text \<open>k1, k2 are the principal curvatures at p: eigenvalues of the shape operator on
  the tangent plane (with an orthonormal eigenbasis, the operator being self-adjoint).\<close>
definition principal_curvatures :: "R3 set \<Rightarrow> R3 \<Rightarrow> real \<Rightarrow> real \<Rightarrow> bool" where
  "principal_curvatures \<Omega> p k1 k2 \<longleftrightarrow>
     (\<exists>e1 e2. e1 \<in> tangent_space (frontier \<Omega>) p \<and> e2 \<in> tangent_space (frontier \<Omega>) p \<and>
        norm e1 = 1 \<and> norm e2 = 1 \<and> e1 \<bullet> e2 = 0 \<and>
        shape_operator \<Omega> p e1 = k1 *\<^sub>R e1 \<and> shape_operator \<Omega> p e2 = k2 *\<^sub>R e2)"

definition normal_comp :: "R3 set \<Rightarrow> (R3 \<Rightarrow> R3) \<Rightarrow> R3 \<Rightarrow> real" where
  "normal_comp \<Omega> u x = u x \<bullet> outward_normal \<Omega> x"

definition tangential_part :: "R3 set \<Rightarrow> (R3 \<Rightarrow> R3) \<Rightarrow> R3 \<Rightarrow> R3" where
  "tangential_part \<Omega> u x = u x - normal_comp \<Omega> u x *\<^sub>R outward_normal \<Omega> x"

definition union_of_boundary_components :: "R3 set \<Rightarrow> R3 set \<Rightarrow> bool" where
  "union_of_boundary_components \<Omega> G \<longleftrightarrow>
     G \<subseteq> frontier \<Omega> \<and> (\<forall>x\<in>G. connected_component_set (frontier \<Omega>) x \<subseteq> G)"

end

theory Submission
  imports Defs
begin

text \<open>Near a boundary point write \<Omega> = {\<phi> < 0} and extend the outward unit normal as
  \<nu> = \<nabla>\<phi> / |\<nabla>\<phi>|. Differentiating u \<bullet> \<nu> and u - (u \<bullet> \<nu>) \<nu> along the boundary expresses
  the surface gradient of the normal component and the surface divergence of the tangential
  part through Du and the differential of \<nu>; the latter is the shape operator on tangent
  vectors and kills \<nu>, so its trace is the sum of the principal curvatures. Since div u = 0
  persists to the boundary by continuity, (Du u) \<bullet> \<nu> becomes the stated combination, and the
  product rule for the surface divergence gives the second form. The right-hand side only
  involves u on the boundary, whence the statement about fields agreeing on boundary components.

  Two analytic facts carry the argument: through every boundary point there are curves in the
  boundary with any prescribed tangent velocity (inverse function theorem), and the derivative of
  u in \<Omega> is a derivative within the closure at boundary points, because nearby points of the
  closure are joined to them through \<Omega> by polygons of comparable length.\<close>

section \<open>Gradients and traces of linear maps\<close>

definition grad_of :: "(real^'n \<Rightarrow> real) \<Rightarrow> real^'n" where
  "grad_of L = (\<chi> j. L (axis j 1))"

lemma linear_eq_inner_grad_of:
  fixes L :: "real^'n \<Rightarrow> real"
  assumes "linear L"
  shows "L w = grad_of L \<bullet> w"
proof -
  have "L w = L (\<Sum>j\<in>UNIV. w $ j *\<^sub>R axis j 1)"
    by (simp add: basis_expansion flip: scalar_mult_eq_scaleR)
  also have "\<dots> = grad_of L \<bullet> w"
    using assms by (simp add: linear_sum linear_scale grad_of_def inner_vec_def mult.commute)
  finally show ?thesis .
qed

lemma trace_matrix: "trace (matrix f) = (\<Sum>i\<in>UNIV. f (axis i 1) $ i)"
  by (simp add: trace_def matrix_def)

lemma trace_matrix_orthonormal_basis:
  fixes M :: "real^'n \<Rightarrow> real^'n" and B :: "(real^'n) set"
  assumes "linear M" "finite B" "pairwise orthogonal B" "\<And>b. b \<in> B \<Longrightarrow> norm b = 1"
    and "span B = UNIV"
  shows "trace (matrix M) = (\<Sum>b\<in>B. b \<bullet> M b)"
proof -
  have "M (axis i 1) = (\<Sum>b\<in>B. b $ i *\<^sub>R M b)" for i
  proof -
    have "axis i 1 = (\<Sum>b\<in>B. (axis i 1 \<bullet> b) *\<^sub>R b)"
      using orthonormal_basis_expand[OF assms(3,4)] assms(2,5) by simp
    then show ?thesis
      using assms(1) by (simp add: linear_sum linear_scale inner_axis' o_def)
  qed
  then show ?thesis
    unfolding trace_matrix by (simp add: sum.swap[of _ UNIV] inner_vec_def mult.commute)
qed

lemma trace_matrix_orthonormal_triple:
  fixes M :: "real^3 \<Rightarrow> real^3" and e1 e2 e3 :: "real^3"
  assumes "linear M" "norm e1 = 1" "norm e2 = 1" "norm e3 = 1"
    and "e1 \<bullet> e2 = 0" "e1 \<bullet> e3 = 0" "e2 \<bullet> e3 = 0"
  shows "trace (matrix M) = e1 \<bullet> M e1 + e2 \<bullet> M e2 + e3 \<bullet> M e3"
proof -
  let ?B = "{e1, e2, e3}"
  have distinct: "e1 \<noteq> e2" "e1 \<noteq> e3" "e2 \<noteq> e3"
    using assms by (auto simp: norm_eq_1)
  have orth: "pairwise orthogonal ?B"
    using assms by (auto simp: pairwise_def orthogonal_def inner_commute)
  have "0 \<notin> ?B" using assms by auto
  then have "independent ?B"
    using pairwise_orthogonal_independent[OF orth] by blast
  then have "dim ?B = DIM(real^3)"
    using distinct by (simp add: dim_eq_card_independent)
  then have "span ?B = UNIV" by (metis dim_eq_full)
  then show ?thesis
    using trace_matrix_orthonormal_basis[OF assms(1) _ orth] assms distinct by (auto simp: add.assoc)
qed

lemma trace_matrix_add:
  fixes f g :: "real^'n \<Rightarrow> real^'n"
  shows "trace (matrix (\<lambda>h. f h + g h)) = trace (matrix f) + trace (matrix g)"
  by (simp add: trace_matrix sum.distrib)

lemma trace_matrix_diff:
  fixes f g :: "real^'n \<Rightarrow> real^'n"
  shows "trace (matrix (\<lambda>h. f h - g h)) = trace (matrix f) - trace (matrix g)"
  by (simp add: trace_matrix sum_subtractf)

lemma trace_matrix_scaleR:
  fixes f :: "real^'n \<Rightarrow> real^'n"
  shows "trace (matrix (\<lambda>h. c *\<^sub>R f h)) = c * trace (matrix f)"
  by (simp add: trace_matrix sum_distrib_left)

lemma trace_matrix_rank_one:
  fixes L :: "real^'n \<Rightarrow> real"
  assumes "linear L"
  shows "trace (matrix (\<lambda>h. L h *\<^sub>R w)) = L w"
  using linear_eq_inner_grad_of[OF assms, of w]
  by (simp add: trace_matrix grad_of_def inner_vec_def)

EXERCISE: Each of the records is to be repeated word for word.

ANSWER TO THE EXERCISE:
text \<open>k1, k2 are the principal curvatures at p: eigenvalues of the shape operator on
  the tangent plane (with an orthonormal eigenbasis, the operator being self-adjoint).\<close>
definition principal_curvatures :: "R3 set \<Rightarrow> R3 \<Rightarrow> real \<Rightarrow> real \<Rightarrow> bool" where
  "principal_curvatures \<Omega> p k1 k2 \<longleftrightarrow>
     (\<exists>e1 e2. e1 \<in> tangent_space (frontier \<Omega>) p \<and> e2 \<in> tangent_space (frontier \<Omega>) p \<and>
        norm e1 = 1 \<and> norm e2 = 1 \<and> e1 \<bullet> e2 = 0 \<and>
        shape_operator \<Omega> p e1 = k1 *\<^sub>R e1 \<and> shape_operator \<Omega> p e2 = k2 *\<^sub>R e2)"

definition normal_comp :: "R3 set \<Rightarrow> (R3 \<Rightarrow> R3) \<Rightarrow> R3 \<Rightarrow> real" where
  "normal_comp \<Omega> u x = u x \<bullet> outward_normal \<Omega> x"

definition tangential_part :: "R3 set \<Rightarrow> (R3 \<Rightarrow> R3) \<Rightarrow> R3 \<Rightarrow> R3" where
  "tangential_part \<Omega> u x = u x - normal_comp \<Omega> u x *\<^sub>R outward_normal \<Omega> x"

definition union_of_boundary_components :: "R3 set \<Rightarrow> R3 set \<Rightarrow> bool" where
  "union_of_boundary_components \<Omega> G \<longleftrightarrow>
     G \<subseteq> frontier \<Omega> \<and> (\<forall>x\<in>G. connected_component_set (frontier \<Omega>) x \<subseteq> G)"

end

theory Submission
  imports Defs
begin

text \<open>Near a boundary point write \<Omega> = {\<phi> < 0} and extend the outward unit normal as
  \<nu> = \<nabla>\<phi> / |\<nabla>\<phi>|. Differentiating u \<bullet> \<nu> and u - (u \<bullet> \<nu>) \<nu> along the boundary expresses
  the surface gradient of the normal component and the surface divergence of the tangential
  part through Du and the differential of \<nu>; the latter is the shape operator on tangent
  vectors and kills \<nu>, so its trace is the sum of the principal curvatures. Since div u = 0
  persists to the boundary by continuity, (Du u) \<bullet> \<nu> becomes the stated combination, and the
  product rule for the surface divergence gives the second form. The right-hand side only
  involves u on the boundary, whence the statement about fields agreeing on boundary components.

  Two analytic facts carry the argument: through every boundary point there are curves in the
  boundary with any prescribed tangent velocity (inverse function theorem), and the derivative of
  u in \<Omega> is a derivative within the closure at boundary points, because nearby points of the
  closure are joined to them through \<Omega> by polygons of comparable length.\<close>

section \<open>Gradients and traces of linear maps\<close>

definition grad_of :: "(real^'n \<Rightarrow> real) \<Rightarrow> real^'n" where
  "grad_of L = (\<chi> j. L (axis j 1))"

lemma linear_eq_inner_grad_of:
  fixes L :: "real^'n \<Rightarrow> real"
  assumes "linear L"
  shows "L w = grad_of L \<bullet> w"
proof -
  have "L w = L (\<Sum>j\<in>UNIV. w $ j *\<^sub>R axis j 1)"
    by (simp add: basis_expansion flip: scalar_mult_eq_scaleR)
  also have "\<dots> = grad_of L \<bullet> w"
    using assms by (simp add: linear_sum linear_scale grad_of_def inner_vec_def mult.commute)
  finally show ?thesis .
qed

lemma trace_matrix: "trace (matrix f) = (\<Sum>i\<in>UNIV. f (axis i 1) $ i)"
  by (simp add: trace_def matrix_def)

lemma trace_matrix_orthonormal_basis:
  fixes M :: "real^'n \<Rightarrow> real^'n" and B :: "(real^'n) set"
  assumes "linear M" "finite B" "pairwise orthogonal B" "\<And>b. b \<in> B \<Longrightarrow> norm b = 1"
    and "span B = UNIV"
  shows "trace (matrix M) = (\<Sum>b\<in>B. b \<bullet> M b)"
proof -
  have "M (axis i 1) = (\<Sum>b\<in>B. b $ i *\<^sub>R M b)" for i
  proof -
    have "axis i 1 = (\<Sum>b\<in>B. (axis i 1 \<bullet> b) *\<^sub>R b)"
      using orthonormal_basis_expand[OF assms(3,4)] assms(2,5) by simp
    then show ?thesis
      using assms(1) by (simp add: linear_sum linear_scale inner_axis' o_def)
  qed
  then show ?thesis
    unfolding trace_matrix by (simp add: sum.swap[of _ UNIV] inner_vec_def mult.commute)
qed

lemma trace_matrix_orthonormal_triple:
  fixes M :: "real^3 \<Rightarrow> real^3" and e1 e2 e3 :: "real^3"
  assumes "linear M" "norm e1 = 1" "norm e2 = 1" "norm e3 = 1"
    and "e1 \<bullet> e2 = 0" "e1 \<bullet> e3 = 0" "e2 \<bullet> e3 = 0"
  shows "trace (matrix M) = e1 \<bullet> M e1 + e2 \<bullet> M e2 + e3 \<bullet> M e3"
proof -
  let ?B = "{e1, e2, e3}"
  have distinct: "e1 \<noteq> e2" "e1 \<noteq> e3" "e2 \<noteq> e3"
    using assms by (auto simp: norm_eq_1)
  have orth: "pairwise orthogonal ?B"
    using assms by (auto simp: pairwise_def orthogonal_def inner_commute)
  have "0 \<notin> ?B" using assms by auto
  then have "independent ?B"
    using pairwise_orthogonal_independent[OF orth] by blast
  then have "dim ?B = DIM(real^3)"
    using distinct by (simp add: dim_eq_card_independent)
  then have "span ?B = UNIV" by (metis dim_eq_full)
  then show ?thesis
    using trace_matrix_orthonormal_basis[OF assms(1) _ orth] assms distinct by (auto simp: add.assoc)
qed

lemma trace_matrix_add:
  fixes f g :: "real^'n \<Rightarrow> real^'n"
  shows "trace (matrix (\<lambda>h. f h + g h)) = trace (matrix f) + trace (matrix g)"
  by (simp add: trace_matrix sum.distrib)

lemma trace_matrix_diff:
  fixes f g :: "real^'n \<Rightarrow> real^'n"
  shows "trace (matrix (\<lambda>h. f h - g h)) = trace (matrix f) - trace (matrix g)"
  by (simp add: trace_matrix sum_subtractf)

lemma trace_matrix_scaleR:
  fixes f :: "real^'n \<Rightarrow> real^'n"
  shows "trace (matrix (\<lambda>h. c *\<^sub>R f h)) = c * trace (matrix f)"
  by (simp add: trace_matrix sum_distrib_left)

lemma trace_matrix_rank_one:
  fixes L :: "real^'n \<Rightarrow> real"
  assumes "linear L"
  shows "trace (matrix (\<lambda>h. L h *\<^sub>R w)) = L w"
  using linear_eq_inner_grad_of[OF assms, of w]
  by (simp add: trace_matrix grad_of_def inner_vec_def)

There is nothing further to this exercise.